Visit our webpage for detailed insights about our research.

Getting started

This project explores the means, costs and impacts of 24/7 Carbon-Free Energy procurement in Europe.

Three invididual studies are planned as deliverables of this research project. The three studies will be linked to GitHub releases and individual Zenodo repositories. All studies are focused on the topic of 24/7 Carbon-Free Energy procurement in Europe; however, studies will differ in terms of their focuses, model formulations, scenarios, etc.

We aim to make the scientific workflow and results for each study to be fully reproducible. To access code for published studies, clone a corresponding GitHub release, see sections Study 1 and Study 2. More information is in Requirements and Software.

This research is supported by a grant from Google LLC.

Study 1:

In this study, we investigate both the means and costs of pursuing different clean electricity procurement strategies for companies in a selection of European countries.
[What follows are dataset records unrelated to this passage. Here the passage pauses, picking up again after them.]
(* Let $\mu\in\mathcal P_c^*(\mathbb R^2)$, $\mathbf A\in\mathrm{GL}(2)$, $\mathbf y\in\mathbb R^2$ and $\mu_{\mathbf A,\mathbf y}=(\mathbf A\cdot+\mathbf y)_\#\mu$. Then $\mathcal N_{\mathrm m}[\mu_{\mathbf A,\mathbf y}]=\mathcal N_{\mathrm m}[\mu]$.
   Context: $\mathbb S_1=\{x\in\mathbb R^2:\|x\|=1\}$; $\mathcal R_\theta[\mu]=(\langle\cdot,\theta\rangle)_\#\mu$. Fix a reference Borel probability measure $\rho$ on $\mathbb R$ without atoms. For a probability measure $\nu$ on $\mathbb R$ with $F_\nu(t)=\nu((-\infty,t])$, $F_\nu^{[-1]}(t)=\inf\{s:F_\nu(s)>t\}$ and the CDT is $\hat\nu=F_\nu^{[-1]}\circ F_\rho$; $\widehat{\mathcal R}_\theta[\mu]$ is the CDT of $\mathcal R_\theta[\mu]$. For $g\in L^2_\rho(\mathbb R)$, $\operatorname{mean}(g)=\int g\,\mathrm d\rho$, $\operatorname{std}(g)=(\int|g-\operatorname{mean}(g)|^2\mathrm d\rho)^{1/2}$. $\mathcal P_c^*(\mathbb R^2)$ is the set of compactly supported Borel probability measures on $\mathbb R^2$ whose support has affine hull of dimension $>1$. For such $\mu$: $\mathcal N_\theta[\mu](t)=\big(\widehat{\mathcal R}_\theta[\mu](t)-\operatorname{mean}(\widehat{\mathcal R}_\theta[\mu])\big)/\operatorname{std}(\widehat{\mathcal R}_\theta[\mu])$ and $\mathcal N_{\mathrm m}[\mu](t)=\sup_{\theta\in\mathbb S_1}\mathcal N_\theta[\mu](t)$, $t\in\mathbb R$. *)

theory Defs
  imports "HOL-Probability.Probability"
begin

definition msupp :: "'a::topological_space measure \<Rightarrow> 'a set" where
  "msupp \<mu> = {x. \<forall>U. open U \<and> x \<in> U \<longrightarrow> emeasure \<mu> U > 0}"

definition Pc_star :: "(real^2) measure \<Rightarrow> bool" where
  "Pc_star \<mu> \<longleftrightarrow> prob_space \<mu> \<and> sets \<mu> = sets borel \<and>
     compact (msupp \<mu>) \<and> aff_dim (msupp \<mu>) > 1"

definition radon :: "real^2 \<Rightarrow> (real^2) measure \<Rightarrow> real measure" where
  "radon \<theta> \<mu> = distr \<mu> borel (\<lambda>x. x \<bullet> \<theta>)"

text \<open>Generalised inverse F^[-1](t) = inf {s. F s > t}, with values in the extended reals
  (so that inf of the empty set is +infinity).\<close>
definition pinv :: "(real \<Rightarrow> real) \<Rightarrow> real \<Rightarrow> ereal" where
  "pinv F t = Inf {ereal s | s. F s > t}"

definition CDT :: "real measure \<Rightarrow> real measure \<Rightarrow> real \<Rightarrow> ereal" where
  "CDT \<rho> \<nu> = (\<lambda>t. pinv (cdf \<nu>) (cdf \<rho> t))"

definition mean_rho :: "real measure \<Rightarrow> (real \<Rightarrow> ereal) \<Rightarrow> real" where
  "mean_rho \<rho> g = (\<integral>x. real_of_ereal (g x) \<partial>\<rho>)"

definition std_rho :: "real measure \<Rightarrow> (real \<Rightarrow> ereal) \<Rightarrow> real" where
  "std_rho \<rho> g = sqrt (\<integral>x. (real_of_ereal (g x) - mean_rho \<rho> g)\<^sup>2 \<partial>\<rho>)"

definition N_theta :: "real measure \<Rightarrow> real^2 \<Rightarrow> (real^2) measure \<Rightarrow> real \<Rightarrow> ereal" where
  "N_theta \<rho> \<theta> \<mu> t =
     (let g = CDT \<rho> (radon \<theta> \<mu>) in (g t - ereal (mean_rho \<rho> g)) / ereal (std_rho \<rho> g))"

definition N_max :: "real measure \<Rightarrow> (real^2) measure \<Rightarrow> real \<Rightarrow> ereal" where
  "N_max \<rho> \<mu> t = (SUP \<theta> \<in> sphere (0::real^2) 1. N_theta \<rho> \<theta> \<mu> t)"

end

theory Submission
  imports Defs
begin

text \<open>If \<open>\<mu>\<close> is pushed forward by \<open>x \<mapsto> A x + y\<close>, its projection onto \<open>\<theta>\<close> is
  the projection of \<open>\<mu>\<close> onto \<open>\<phi> = A\<^sup>T\<theta> / |A\<^sup>T\<theta>|\<close>, pushed forward by
  \<open>s \<mapsto> |A\<^sup>T\<theta>| s + y\<bullet>\<theta>\<close>. The CDT commutes with increasing affine maps of the line, and
  standardizing by mean and standard deviation removes such maps, provided the CDT is finite
  \<open>\<rho>\<close>-a.e.; this holds because \<open>\<mu>\<close> has compact support and \<open>\<rho>\<close> has no atoms.
  Since \<open>\<theta> \<mapsto> \<phi>\<close> is a bijection of the unit circle, the two suprema coincide.\<close>

lemma Inf_ereal_affine:
  fixes X :: "ereal set"
  assumes "r > 0"
  shows "Inf ((\<lambda>x. ereal r * x + ereal c) ` X) = ereal r * Inf X + ereal c"
proof (rule mono_bij_Inf[symmetric])
  show "mono (\<lambda>x. ereal r * x + ereal c)"
    using assms by (intro monoI add_right_mono ereal_mult_left_mono) auto
  show "bij (\<lambda>x. ereal r * x + ereal c)"
  proof (rule bij_betw_byWitness[where f' = "\<lambda>x. (x - ereal c) / ereal r"])
    have "(ereal r * x + ereal c - ereal c) / ereal r = x"
      "ereal r * ((x - ereal c) / ereal r) + ereal c = x" for x
      using assms by (cases x; simp)+
    then show "\<forall>x\<in>UNIV. (ereal r * x + ereal c - ereal c) / ereal r = x"
      "\<forall>x\<in>UNIV. ereal r * ((x - ereal c) / ereal r) + ereal c = x"
      by auto
  qed auto
qed

lemma borel_measurable_mono_linorder:
  fixes g :: "real \<Rightarrow> 'b::{linorder_topology, second_countable_topology}"
  assumes "mono g"
  shows "g \<in> borel_measurable borel"
proof (rule borel_measurableI_le)
  fix y
  have "is_interval {x. g x \<le> y}"
    unfolding is_interval_1 using assms by (auto dest: monoD intro: order_trans)
  then show "{x \<in> space borel. g x \<le> y} \<in> sets borel"
    by (simp add: real_interval_borel_measurable)
qed

lemma pinv_mono: "mono (pinv F)"
  unfolding pinv_def by (intro monoI Inf_superset_mono) auto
We also explore how the 24/7 clean energy procurement affects the rest of the European electricity system.

NB The Study 1 is now also available with Linopy integration under the tag v0.2. Linopy is an open-source python package for linear or mixed-integer optimization.

Study 2:

In this study, we explore how and why space-time load-shifting flexibility can be used to meet high 24/7 carbon-free energy targets, as well as what potential benefits it may offer to 24/7 participants and to the rest of the energy system. To answer these questions, we expand the mathematical model of 24/7 CFE procurement developed in the previous work by incorporating spatial and temporal demand flexibility provided by electricity consumers that follow 24/7 carbon-free energy goals.

Study 3:

On the role of 24/7 CFE in accelerating advanced clean energy technologies (work in progress).

Research papers related to this project:

How to reproduce results of a study?

First, clone the repository:

git clone https://github.com/PyPSA/247-cfe --branch <tag_name> --single-branch
  • --single-branch option allows for cloning only git history leading to tip of the tag. This saves a lot of unnecessary code from being cloned.

  • tag_name is v0.2 for Study 1 or v0.3 for Study 2

Second, install the necessary dependencies using environment.yml file. The following commands will do the job:

conda env create -f envs/environment.yml
conda activate 247-cfe

Third, to run all the scenarios from the study, run the snakemake worflow:

snakemake -call
  • Note that this call requires a high-performance computing environment.

  • It is possible to run a smaller version of the model by adjusting the settings in config.yaml. For example, changing the config setting area from "EU" to "regions" reduces the regional coverage of the model, making the size of the problem feasible to solve on a private laptop with 8GB RAM.

Finally, when the workflow is complete, the results will be stored in results directory. The directory will contain solved networks, plots, summary csvs and logs.

  1. At this point, you can also compile the LaTeX project to reproduce the study .pdf file.

Requirements

Data

Code is based on the brownfield networks exported from PyPSA-Eur with myopic setting to get brownfield networks for 2025/2030. For convenience, sample networks are provided in the input/ folder.

Technology data assumptions are automatically retrieved from technology-data repository for <year> and <version>, as specified in config.yaml.

Software

The code is known to work with python 3.11, PyPSA 0.25, pandas 1.5.3, numpy 1.24.2, linopy 0.2.7, and gurobi 10.0.1.

The complete list of package requirements is in the envs/environment.yaml file. The environment can be installed and activated using:

.../247-cfe % conda env create -f envs/environment.yaml
.../247-cfe % conda activate 247-env

If you have troubles with a slow conda installation, we recommend to install mamba:

conda install -c conda-forge mamba

and then install the environment with a fast drop-in replacement via

mamba env create -f envs/environment.yaml

License

This code is licensed under the open source MIT License. Different open licenses apply to LaTeX files and input data, see Specifications.